Collected data entries:
——

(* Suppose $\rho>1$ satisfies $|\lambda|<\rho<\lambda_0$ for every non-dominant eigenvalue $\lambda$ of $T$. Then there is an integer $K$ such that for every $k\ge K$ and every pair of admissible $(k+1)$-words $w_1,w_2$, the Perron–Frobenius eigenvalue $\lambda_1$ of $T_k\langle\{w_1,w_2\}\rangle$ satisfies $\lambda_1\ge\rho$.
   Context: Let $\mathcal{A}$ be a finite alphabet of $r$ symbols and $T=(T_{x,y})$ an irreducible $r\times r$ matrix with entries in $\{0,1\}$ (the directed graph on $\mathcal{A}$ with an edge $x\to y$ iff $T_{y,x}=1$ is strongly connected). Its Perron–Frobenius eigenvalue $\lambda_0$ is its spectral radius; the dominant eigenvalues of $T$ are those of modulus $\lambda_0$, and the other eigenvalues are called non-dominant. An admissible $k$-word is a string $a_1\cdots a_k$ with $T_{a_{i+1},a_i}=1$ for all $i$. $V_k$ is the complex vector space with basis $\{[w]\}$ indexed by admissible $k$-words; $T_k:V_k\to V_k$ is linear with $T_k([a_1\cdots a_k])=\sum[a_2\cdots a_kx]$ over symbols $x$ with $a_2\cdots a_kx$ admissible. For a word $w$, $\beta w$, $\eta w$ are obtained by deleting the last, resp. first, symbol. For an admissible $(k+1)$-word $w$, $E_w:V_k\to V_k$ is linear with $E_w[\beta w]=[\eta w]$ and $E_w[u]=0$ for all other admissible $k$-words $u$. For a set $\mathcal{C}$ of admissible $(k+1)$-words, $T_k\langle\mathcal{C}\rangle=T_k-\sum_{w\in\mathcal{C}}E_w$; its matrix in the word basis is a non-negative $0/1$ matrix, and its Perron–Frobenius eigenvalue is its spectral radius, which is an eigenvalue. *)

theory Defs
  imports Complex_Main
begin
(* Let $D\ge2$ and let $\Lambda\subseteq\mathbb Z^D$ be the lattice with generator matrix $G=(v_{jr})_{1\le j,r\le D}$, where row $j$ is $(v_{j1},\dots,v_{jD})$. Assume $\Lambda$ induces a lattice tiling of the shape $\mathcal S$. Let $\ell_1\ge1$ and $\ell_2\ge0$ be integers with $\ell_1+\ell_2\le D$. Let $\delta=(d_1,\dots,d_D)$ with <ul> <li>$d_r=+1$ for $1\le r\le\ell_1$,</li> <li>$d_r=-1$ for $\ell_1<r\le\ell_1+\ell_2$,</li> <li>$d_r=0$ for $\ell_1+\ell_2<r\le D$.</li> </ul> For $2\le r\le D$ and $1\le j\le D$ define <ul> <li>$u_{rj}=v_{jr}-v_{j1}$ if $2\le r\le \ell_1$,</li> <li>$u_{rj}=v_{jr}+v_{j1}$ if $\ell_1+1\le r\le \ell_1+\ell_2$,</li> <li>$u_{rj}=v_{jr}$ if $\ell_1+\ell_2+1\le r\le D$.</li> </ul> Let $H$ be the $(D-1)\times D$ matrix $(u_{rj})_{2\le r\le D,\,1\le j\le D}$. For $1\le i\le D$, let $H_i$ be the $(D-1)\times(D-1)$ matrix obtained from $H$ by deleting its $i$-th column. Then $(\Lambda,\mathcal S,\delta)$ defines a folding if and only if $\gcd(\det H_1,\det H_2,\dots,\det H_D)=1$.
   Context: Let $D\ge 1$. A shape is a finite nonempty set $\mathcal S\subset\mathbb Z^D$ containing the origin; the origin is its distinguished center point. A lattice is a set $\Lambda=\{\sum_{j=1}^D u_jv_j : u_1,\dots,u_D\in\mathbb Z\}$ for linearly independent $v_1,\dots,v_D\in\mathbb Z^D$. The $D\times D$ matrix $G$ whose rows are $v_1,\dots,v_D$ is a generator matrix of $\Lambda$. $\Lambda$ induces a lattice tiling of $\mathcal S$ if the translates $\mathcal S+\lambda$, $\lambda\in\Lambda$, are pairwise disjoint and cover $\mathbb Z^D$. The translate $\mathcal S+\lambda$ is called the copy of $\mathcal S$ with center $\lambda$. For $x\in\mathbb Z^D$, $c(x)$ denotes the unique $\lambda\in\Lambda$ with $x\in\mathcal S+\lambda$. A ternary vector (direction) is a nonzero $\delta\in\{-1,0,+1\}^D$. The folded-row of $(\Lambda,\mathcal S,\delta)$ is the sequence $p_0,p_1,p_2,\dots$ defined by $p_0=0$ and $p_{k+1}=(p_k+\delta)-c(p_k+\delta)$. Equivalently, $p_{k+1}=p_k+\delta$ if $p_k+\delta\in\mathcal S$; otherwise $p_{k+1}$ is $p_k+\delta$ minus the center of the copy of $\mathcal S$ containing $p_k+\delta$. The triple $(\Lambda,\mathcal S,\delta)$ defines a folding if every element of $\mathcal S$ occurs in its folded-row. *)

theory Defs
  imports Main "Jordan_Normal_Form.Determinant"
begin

——

Retype each entry without altering a single word.

> _TASK SOLUTION_:
(* Suppose $\rho>1$ satisfies $|\lambda|<\rho<\lambda_0$ for every non-dominant eigenvalue $\lambda$ of $T$. Then there is an integer $K$ such that for every $k\ge K$ and every pair of admissible $(k+1)$-words $w_1,w_2$, the Perron–Frobenius eigenvalue $\lambda_1$ of $T_k\langle\{w_1,w_2\}\rangle$ satisfies $\lambda_1\ge\rho$.
   Context: Let $\mathcal{A}$ be a finite alphabet of $r$ symbols and $T=(T_{x,y})$ an irreducible $r\times r$ matrix with entries in $\{0,1\}$ (the directed graph on $\mathcal{A}$ with an edge $x\to y$ iff $T_{y,x}=1$ is strongly connected). Its Perron–Frobenius eigenvalue $\lambda_0$ is its spectral radius; the dominant eigenvalues of $T$ are those of modulus $\lambda_0$, and the other eigenvalues are called non-dominant. An admissible $k$-word is a string $a_1\cdots a_k$ with $T_{a_{i+1},a_i}=1$ for all $i$. $V_k$ is the complex vector space with basis $\{[w]\}$ indexed by admissible $k$-words; $T_k:V_k\to V_k$ is linear with $T_k([a_1\cdots a_k])=\sum[a_2\cdots a_kx]$ over symbols $x$ with $a_2\cdots a_kx$ admissible. For a word $w$, $\beta w$, $\eta w$ are obtained by deleting the last, resp. first, symbol. For an admissible $(k+1)$-word $w$, $E_w:V_k\to V_k$ is linear with $E_w[\beta w]=[\eta w]$ and $E_w[u]=0$ for all other admissible $k$-words $u$. For a set $\mathcal{C}$ of admissible $(k+1)$-words, $T_k\langle\mathcal{C}\rangle=T_k-\sum_{w\in\mathcal{C}}E_w$; its matrix in the word basis is a non-negative $0/1$ matrix, and its Perron–Frobenius eigenvalue is its spectral radius, which is an eigenvalue. *)

theory Defs
  imports Complex_Main
begin
(* Let $D\ge2$ and let $\Lambda\subseteq\mathbb Z^D$ be the lattice with generator matrix $G=(v_{jr})_{1\le j,r\le D}$, where row $j$ is $(v_{j1},\dots,v_{jD})$. Assume $\Lambda$ induces a lattice tiling of the shape $\mathcal S$. Let $\ell_1\ge1$ and $\ell_2\ge0$ be integers with $\ell_1+\ell_2\le D$. Let $\delta=(d_1,\dots,d_D)$ with <ul> <li>$d_r=+1$ for $1\le r\le\ell_1$,</li> <li>$d_r=-1$ for $\ell_1<r\le\ell_1+\ell_2$,</li> <li>$d_r=0$ for $\ell_1+\ell_2<r\le D$.</li> </ul> For $2\le r\le D$ and $1\le j\le D$ define <ul> <li>$u_{rj}=v_{jr}-v_{j1}$ if $2\le r\le \ell_1$,</li> <li>$u_{rj}=v_{jr}+v_{j1}$ if $\ell_1+1\le r\le \ell_1+\ell_2$,</li> <li>$u_{rj}=v_{jr}$ if $\ell_1+\ell_2+1\le r\le D$.</li> </ul> Let $H$ be the $(D-1)\times D$ matrix $(u_{rj})_{2\le r\le D,\,1\le j\le D}$. For $1\le i\le D$, let $H_i$ be the $(D-1)\times(D-1)$ matrix obtained from $H$ by deleting its $i$-th column. Then $(\Lambda,\mathcal S,\delta)$ defines a folding if and only if $\gcd(\det H_1,\det H_2,\dots,\det H_D)=1$.
   Context: Let $D\ge 1$. A shape is a finite nonempty set $\mathcal S\subset\mathbb Z^D$ containing the origin; the origin is its distinguished center point. A lattice is a set $\Lambda=\{\sum_{j=1}^D u_jv_j : u_1,\dots,u_D\in\mathbb Z\}$ for linearly independent $v_1,\dots,v_D\in\mathbb Z^D$. The $D\times D$ matrix $G$ whose rows are $v_1,\dots,v_D$ is a generator matrix of $\Lambda$. $\Lambda$ induces a lattice tiling of $\mathcal S$ if the translates $\mathcal S+\lambda$, $\lambda\in\Lambda$, are pairwise disjoint and cover $\mathbb Z^D$. The translate $\mathcal S+\lambda$ is called the copy of $\mathcal S$ with center $\lambda$. For $x\in\mathbb Z^D$, $c(x)$ denotes the unique $\lambda\in\Lambda$ with $x\in\mathcal S+\lambda$. A ternary vector (direction) is a nonzero $\delta\in\{-1,0,+1\}^D$. The folded-row of $(\Lambda,\mathcal S,\delta)$ is the sequence $p_0,p_1,p_2,\dots$ defined by $p_0=0$ and $p_{k+1}=(p_k+\delta)-c(p_k+\delta)$. Equivalently, $p_{k+1}=p_k+\delta$ if $p_k+\delta\in\mathcal S$; otherwise $p_{k+1}$ is $p_k+\delta$ minus the center of the copy of $\mathcal S$ containing $p_k+\delta$. The triple $(\Lambda,\mathcal S,\delta)$ defines a folding if every element of $\mathcal S$ occurs in its folded-row. *)

theory Defs
  imports Main "Jordan_Normal_Form.Determinant"
begin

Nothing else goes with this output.